WORK REQUEST :: Of all the lines in the entries below, give again exactly those starting at the line containing "k) = prod_mat_upto" and ending at the line containing "text \<open>Every entry", both ends included, and no others.

Data items
□ □ □ □

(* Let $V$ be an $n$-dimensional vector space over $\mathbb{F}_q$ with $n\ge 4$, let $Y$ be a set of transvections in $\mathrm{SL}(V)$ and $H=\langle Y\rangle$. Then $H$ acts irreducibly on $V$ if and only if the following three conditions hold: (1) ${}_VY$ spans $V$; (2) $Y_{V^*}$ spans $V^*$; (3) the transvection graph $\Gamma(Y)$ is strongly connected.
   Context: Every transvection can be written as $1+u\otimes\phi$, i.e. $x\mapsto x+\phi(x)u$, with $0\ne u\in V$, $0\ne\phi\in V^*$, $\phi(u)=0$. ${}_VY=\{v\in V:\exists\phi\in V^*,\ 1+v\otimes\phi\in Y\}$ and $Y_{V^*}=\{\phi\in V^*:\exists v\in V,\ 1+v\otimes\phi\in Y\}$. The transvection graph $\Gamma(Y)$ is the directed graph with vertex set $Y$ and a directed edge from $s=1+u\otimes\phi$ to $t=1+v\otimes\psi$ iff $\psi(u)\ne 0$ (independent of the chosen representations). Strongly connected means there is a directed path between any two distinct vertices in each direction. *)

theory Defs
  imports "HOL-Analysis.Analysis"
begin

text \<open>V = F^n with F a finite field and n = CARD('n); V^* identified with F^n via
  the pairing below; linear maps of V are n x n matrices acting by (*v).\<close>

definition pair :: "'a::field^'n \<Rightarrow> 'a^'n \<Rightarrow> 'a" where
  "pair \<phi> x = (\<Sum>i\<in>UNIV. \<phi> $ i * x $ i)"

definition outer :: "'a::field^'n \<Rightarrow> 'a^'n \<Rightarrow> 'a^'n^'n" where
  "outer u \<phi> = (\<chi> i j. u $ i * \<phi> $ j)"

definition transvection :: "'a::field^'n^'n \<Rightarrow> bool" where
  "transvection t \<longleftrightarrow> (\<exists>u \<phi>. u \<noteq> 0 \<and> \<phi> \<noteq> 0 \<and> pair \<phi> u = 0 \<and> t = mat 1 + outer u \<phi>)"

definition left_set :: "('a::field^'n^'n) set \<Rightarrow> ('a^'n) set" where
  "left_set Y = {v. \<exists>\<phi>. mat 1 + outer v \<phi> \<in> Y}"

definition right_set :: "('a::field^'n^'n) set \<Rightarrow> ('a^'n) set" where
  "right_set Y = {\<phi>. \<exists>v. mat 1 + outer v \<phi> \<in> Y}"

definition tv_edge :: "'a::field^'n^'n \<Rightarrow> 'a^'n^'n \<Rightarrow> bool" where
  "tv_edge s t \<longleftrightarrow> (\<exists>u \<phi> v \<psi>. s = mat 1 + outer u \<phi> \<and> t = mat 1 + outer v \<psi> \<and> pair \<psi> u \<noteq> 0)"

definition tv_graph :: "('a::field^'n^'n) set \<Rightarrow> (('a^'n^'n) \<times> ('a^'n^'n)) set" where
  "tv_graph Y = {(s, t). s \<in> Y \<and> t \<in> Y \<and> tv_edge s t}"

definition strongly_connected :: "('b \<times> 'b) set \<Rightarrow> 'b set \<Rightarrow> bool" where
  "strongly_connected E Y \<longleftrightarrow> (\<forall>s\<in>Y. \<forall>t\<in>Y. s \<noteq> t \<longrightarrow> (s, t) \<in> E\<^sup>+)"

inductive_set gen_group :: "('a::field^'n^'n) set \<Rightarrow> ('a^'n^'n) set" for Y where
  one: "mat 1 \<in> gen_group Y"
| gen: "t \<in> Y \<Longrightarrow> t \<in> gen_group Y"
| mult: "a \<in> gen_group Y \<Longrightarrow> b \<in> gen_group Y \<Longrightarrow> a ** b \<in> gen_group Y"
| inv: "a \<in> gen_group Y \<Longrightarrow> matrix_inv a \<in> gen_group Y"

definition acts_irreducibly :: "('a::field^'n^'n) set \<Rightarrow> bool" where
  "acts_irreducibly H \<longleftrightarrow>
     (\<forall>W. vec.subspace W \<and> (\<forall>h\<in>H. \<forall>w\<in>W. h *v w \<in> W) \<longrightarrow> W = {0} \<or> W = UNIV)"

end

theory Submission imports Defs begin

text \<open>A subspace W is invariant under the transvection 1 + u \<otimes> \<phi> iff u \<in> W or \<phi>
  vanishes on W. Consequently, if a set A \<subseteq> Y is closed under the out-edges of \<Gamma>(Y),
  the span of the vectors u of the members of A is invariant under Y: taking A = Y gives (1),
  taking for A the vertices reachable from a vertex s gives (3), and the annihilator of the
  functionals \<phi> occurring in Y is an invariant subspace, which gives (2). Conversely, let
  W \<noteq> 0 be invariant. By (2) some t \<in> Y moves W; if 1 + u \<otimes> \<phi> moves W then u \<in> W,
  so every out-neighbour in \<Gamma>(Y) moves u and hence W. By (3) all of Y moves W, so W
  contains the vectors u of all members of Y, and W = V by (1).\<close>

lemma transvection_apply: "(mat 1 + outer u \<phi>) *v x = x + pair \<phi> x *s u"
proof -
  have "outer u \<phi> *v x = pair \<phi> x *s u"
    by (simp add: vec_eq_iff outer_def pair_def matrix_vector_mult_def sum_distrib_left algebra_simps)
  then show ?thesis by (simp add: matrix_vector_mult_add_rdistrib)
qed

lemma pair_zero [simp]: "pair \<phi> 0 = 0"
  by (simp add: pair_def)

□ □ □ □

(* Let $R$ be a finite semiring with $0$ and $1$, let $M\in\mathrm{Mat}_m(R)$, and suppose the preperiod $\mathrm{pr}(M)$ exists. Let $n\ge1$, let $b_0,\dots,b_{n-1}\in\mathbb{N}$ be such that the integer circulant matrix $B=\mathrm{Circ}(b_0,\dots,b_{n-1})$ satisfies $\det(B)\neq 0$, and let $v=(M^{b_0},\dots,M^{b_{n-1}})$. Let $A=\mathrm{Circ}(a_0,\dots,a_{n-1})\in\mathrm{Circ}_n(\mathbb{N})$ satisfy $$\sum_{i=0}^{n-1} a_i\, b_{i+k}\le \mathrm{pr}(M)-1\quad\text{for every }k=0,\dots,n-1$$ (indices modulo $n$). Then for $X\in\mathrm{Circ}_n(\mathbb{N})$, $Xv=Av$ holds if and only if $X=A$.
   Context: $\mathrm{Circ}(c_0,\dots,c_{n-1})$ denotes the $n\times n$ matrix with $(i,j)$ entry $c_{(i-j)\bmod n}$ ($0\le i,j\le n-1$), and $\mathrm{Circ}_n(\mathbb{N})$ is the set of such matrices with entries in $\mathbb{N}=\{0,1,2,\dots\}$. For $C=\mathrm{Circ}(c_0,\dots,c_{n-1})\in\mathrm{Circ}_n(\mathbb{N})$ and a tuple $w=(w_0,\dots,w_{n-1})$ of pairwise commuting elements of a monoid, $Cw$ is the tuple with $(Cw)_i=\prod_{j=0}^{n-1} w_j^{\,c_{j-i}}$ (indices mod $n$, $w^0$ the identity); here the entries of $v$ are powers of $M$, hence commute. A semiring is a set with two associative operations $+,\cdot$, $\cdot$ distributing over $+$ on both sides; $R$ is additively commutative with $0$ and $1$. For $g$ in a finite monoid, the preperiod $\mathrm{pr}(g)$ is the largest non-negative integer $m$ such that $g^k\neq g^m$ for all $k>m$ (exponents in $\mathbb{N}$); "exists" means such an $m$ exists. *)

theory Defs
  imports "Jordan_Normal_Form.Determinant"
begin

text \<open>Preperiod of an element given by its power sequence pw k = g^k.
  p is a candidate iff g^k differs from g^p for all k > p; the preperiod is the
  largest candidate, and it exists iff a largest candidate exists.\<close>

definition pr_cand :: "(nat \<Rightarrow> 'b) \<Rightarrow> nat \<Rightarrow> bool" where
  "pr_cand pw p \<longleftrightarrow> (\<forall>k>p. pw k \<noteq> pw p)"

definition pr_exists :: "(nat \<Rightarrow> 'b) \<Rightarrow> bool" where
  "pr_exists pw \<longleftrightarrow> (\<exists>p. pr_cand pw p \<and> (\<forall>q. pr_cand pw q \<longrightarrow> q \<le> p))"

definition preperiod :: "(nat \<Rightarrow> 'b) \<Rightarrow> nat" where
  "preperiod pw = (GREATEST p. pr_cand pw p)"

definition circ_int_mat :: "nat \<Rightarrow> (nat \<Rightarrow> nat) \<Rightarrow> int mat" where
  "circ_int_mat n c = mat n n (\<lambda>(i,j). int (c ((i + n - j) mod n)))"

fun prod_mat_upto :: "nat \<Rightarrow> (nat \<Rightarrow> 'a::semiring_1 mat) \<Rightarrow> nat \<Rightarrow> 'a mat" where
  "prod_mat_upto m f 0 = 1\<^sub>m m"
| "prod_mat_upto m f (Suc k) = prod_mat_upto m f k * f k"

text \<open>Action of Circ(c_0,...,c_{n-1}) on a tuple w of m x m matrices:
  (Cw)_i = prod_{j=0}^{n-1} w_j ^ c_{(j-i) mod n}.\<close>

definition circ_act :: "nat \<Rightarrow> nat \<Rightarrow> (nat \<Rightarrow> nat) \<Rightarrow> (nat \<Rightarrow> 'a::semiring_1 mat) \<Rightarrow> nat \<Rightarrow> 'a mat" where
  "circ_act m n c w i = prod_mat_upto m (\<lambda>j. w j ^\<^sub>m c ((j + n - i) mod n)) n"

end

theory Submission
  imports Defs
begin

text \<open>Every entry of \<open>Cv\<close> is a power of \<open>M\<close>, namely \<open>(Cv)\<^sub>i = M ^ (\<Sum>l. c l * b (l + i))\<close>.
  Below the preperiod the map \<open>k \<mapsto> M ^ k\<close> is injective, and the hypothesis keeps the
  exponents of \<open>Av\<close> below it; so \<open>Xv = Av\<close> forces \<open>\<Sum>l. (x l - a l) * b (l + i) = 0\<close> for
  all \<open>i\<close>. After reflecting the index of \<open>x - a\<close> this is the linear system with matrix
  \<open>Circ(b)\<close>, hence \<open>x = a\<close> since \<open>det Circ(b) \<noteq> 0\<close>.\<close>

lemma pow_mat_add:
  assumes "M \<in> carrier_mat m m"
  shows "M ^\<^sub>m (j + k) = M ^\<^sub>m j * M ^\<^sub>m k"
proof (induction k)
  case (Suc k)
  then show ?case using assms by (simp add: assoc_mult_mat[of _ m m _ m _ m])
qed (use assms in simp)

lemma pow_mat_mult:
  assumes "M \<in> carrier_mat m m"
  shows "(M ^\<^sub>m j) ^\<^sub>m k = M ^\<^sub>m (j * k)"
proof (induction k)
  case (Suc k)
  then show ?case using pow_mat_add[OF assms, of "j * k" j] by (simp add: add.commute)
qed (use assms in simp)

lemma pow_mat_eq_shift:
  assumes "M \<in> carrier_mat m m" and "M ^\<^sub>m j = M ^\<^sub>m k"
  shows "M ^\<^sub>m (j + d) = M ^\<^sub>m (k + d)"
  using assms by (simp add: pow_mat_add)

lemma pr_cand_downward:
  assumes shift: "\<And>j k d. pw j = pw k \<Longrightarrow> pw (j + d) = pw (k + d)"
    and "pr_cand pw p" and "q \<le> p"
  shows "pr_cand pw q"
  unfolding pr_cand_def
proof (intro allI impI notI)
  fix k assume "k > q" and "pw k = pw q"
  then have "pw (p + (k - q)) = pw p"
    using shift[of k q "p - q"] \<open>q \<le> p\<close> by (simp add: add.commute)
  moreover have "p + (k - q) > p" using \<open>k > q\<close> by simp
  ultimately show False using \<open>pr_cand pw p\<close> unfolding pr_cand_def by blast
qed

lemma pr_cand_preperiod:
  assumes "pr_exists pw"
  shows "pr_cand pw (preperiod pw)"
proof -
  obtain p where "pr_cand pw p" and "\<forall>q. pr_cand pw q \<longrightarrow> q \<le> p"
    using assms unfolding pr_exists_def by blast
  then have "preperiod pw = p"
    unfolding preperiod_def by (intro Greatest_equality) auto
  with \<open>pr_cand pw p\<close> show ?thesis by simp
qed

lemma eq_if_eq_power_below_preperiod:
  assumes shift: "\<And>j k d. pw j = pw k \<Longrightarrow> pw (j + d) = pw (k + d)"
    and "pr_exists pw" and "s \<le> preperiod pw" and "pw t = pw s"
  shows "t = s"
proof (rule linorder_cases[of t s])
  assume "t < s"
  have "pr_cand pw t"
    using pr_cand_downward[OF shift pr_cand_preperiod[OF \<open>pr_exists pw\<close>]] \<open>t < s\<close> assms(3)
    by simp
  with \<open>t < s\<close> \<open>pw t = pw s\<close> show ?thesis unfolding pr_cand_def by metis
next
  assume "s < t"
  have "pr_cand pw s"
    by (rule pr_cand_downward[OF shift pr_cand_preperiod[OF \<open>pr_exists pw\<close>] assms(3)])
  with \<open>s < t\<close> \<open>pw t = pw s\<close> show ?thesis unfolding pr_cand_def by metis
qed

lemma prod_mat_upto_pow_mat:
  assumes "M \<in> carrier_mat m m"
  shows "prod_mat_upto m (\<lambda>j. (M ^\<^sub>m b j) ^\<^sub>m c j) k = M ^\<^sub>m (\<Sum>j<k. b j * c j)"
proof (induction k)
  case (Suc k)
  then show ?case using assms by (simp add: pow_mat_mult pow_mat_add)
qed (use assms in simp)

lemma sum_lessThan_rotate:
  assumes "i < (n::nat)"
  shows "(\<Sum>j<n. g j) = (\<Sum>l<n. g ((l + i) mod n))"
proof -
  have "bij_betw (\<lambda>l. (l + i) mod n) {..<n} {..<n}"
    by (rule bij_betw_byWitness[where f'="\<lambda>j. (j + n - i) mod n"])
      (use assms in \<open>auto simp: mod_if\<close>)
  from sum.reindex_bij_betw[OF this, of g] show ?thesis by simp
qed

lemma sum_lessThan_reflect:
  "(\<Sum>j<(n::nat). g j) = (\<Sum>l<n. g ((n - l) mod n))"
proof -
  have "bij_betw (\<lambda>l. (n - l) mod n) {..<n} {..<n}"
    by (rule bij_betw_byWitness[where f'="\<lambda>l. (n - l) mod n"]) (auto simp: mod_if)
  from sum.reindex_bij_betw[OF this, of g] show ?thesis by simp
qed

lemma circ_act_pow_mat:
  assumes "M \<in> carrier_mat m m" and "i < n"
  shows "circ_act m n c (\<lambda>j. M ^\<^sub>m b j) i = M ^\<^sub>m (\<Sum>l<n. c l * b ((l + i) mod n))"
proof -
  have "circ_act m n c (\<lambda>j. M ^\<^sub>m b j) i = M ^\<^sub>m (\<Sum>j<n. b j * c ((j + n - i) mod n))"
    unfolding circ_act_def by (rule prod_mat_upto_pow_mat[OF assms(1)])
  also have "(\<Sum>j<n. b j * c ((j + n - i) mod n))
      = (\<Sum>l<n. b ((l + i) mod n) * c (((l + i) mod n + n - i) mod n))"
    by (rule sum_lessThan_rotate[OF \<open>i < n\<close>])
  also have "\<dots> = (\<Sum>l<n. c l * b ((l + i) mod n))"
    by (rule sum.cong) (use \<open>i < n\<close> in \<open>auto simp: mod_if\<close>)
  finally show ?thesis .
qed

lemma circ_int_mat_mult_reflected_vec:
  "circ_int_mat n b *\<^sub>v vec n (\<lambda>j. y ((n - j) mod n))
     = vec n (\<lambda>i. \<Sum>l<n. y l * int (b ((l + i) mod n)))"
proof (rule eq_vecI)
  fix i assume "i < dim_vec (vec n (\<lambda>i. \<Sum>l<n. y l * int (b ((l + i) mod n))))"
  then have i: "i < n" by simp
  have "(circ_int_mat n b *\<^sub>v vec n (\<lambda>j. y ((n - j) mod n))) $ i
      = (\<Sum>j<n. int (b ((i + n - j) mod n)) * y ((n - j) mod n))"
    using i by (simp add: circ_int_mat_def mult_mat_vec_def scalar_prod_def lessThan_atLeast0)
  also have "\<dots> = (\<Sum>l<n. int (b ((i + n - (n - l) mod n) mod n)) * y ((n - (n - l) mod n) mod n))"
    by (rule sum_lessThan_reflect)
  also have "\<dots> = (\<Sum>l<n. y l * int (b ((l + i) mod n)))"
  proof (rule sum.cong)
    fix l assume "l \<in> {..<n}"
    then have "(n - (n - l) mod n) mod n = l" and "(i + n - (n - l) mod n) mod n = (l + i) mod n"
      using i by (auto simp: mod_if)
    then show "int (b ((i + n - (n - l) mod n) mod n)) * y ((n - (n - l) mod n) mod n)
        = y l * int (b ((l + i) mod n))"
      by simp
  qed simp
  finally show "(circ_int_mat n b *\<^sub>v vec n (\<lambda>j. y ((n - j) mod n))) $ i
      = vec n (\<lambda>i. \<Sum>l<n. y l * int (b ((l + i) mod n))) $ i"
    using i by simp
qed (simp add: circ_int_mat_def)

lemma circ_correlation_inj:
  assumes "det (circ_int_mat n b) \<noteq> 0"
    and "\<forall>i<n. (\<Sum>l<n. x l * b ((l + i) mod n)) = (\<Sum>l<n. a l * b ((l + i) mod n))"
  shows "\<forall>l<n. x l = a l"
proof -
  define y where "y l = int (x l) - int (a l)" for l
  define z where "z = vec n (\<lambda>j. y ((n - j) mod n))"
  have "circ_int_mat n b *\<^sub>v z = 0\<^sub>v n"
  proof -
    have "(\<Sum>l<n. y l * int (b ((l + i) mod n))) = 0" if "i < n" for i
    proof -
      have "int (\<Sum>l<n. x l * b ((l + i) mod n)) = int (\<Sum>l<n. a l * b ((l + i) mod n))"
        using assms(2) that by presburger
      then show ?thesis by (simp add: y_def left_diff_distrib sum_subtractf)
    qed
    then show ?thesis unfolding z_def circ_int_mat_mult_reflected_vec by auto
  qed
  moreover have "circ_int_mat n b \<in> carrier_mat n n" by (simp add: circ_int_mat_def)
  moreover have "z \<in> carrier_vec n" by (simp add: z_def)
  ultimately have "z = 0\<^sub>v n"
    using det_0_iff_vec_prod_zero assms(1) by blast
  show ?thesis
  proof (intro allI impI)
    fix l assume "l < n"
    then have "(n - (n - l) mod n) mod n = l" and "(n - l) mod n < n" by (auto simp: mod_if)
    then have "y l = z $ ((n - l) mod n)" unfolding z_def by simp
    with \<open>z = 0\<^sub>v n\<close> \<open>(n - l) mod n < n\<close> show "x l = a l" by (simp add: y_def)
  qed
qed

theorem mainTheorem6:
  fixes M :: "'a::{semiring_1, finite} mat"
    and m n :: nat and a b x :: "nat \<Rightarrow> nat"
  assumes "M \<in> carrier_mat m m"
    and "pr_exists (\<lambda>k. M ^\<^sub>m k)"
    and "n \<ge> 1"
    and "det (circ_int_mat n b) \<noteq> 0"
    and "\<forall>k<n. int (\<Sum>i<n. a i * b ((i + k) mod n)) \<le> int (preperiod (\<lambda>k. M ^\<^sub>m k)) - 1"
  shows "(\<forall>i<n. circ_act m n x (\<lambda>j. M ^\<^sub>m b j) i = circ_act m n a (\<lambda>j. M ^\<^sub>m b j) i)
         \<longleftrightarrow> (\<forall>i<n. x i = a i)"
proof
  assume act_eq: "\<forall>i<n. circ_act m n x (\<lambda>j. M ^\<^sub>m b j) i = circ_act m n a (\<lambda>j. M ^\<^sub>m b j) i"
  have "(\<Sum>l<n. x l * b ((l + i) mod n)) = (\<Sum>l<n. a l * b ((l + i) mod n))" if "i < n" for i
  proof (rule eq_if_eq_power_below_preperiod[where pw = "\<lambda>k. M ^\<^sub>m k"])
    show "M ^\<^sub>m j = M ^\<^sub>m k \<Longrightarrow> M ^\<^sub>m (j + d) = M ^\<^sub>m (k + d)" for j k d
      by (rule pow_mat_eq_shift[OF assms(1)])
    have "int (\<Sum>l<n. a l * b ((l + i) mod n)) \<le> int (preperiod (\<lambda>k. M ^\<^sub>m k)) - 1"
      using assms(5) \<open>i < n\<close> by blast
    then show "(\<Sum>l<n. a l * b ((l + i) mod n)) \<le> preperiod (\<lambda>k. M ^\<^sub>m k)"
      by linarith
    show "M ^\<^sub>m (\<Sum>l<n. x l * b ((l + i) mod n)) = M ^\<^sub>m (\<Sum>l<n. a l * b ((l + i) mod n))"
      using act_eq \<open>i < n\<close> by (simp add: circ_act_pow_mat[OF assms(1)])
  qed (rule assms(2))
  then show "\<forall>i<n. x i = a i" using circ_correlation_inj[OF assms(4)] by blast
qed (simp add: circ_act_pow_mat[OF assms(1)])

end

□ □ □ □

RESPONSE TO THIS TASK ::
| "prod_mat_upto m f (Suc k) = prod_mat_upto m f k * f k"

text \<open>Action of Circ(c_0,...,c_{n-1}) on a tuple w of m x m matrices:
  (Cw)_i = prod_{j=0}^{n-1} w_j ^ c_{(j-i) mod n}.\<close>

definition circ_act :: "nat \<Rightarrow> nat \<Rightarrow> (nat \<Rightarrow> nat) \<Rightarrow> (nat \<Rightarrow> 'a::semiring_1 mat) \<Rightarrow> nat \<Rightarrow> 'a mat" where
  "circ_act m n c w i = prod_mat_upto m (\<lambda>j. w j ^\<^sub>m c ((j + n - i) mod n)) n"

end

theory Submission
  imports Defs
begin

text \<open>Every entry of \<open>Cv\<close> is a power of \<open>M\<close>, namely \<open>(Cv)\<^sub>i = M ^ (\<Sum>l. c l * b (l + i))\<close>.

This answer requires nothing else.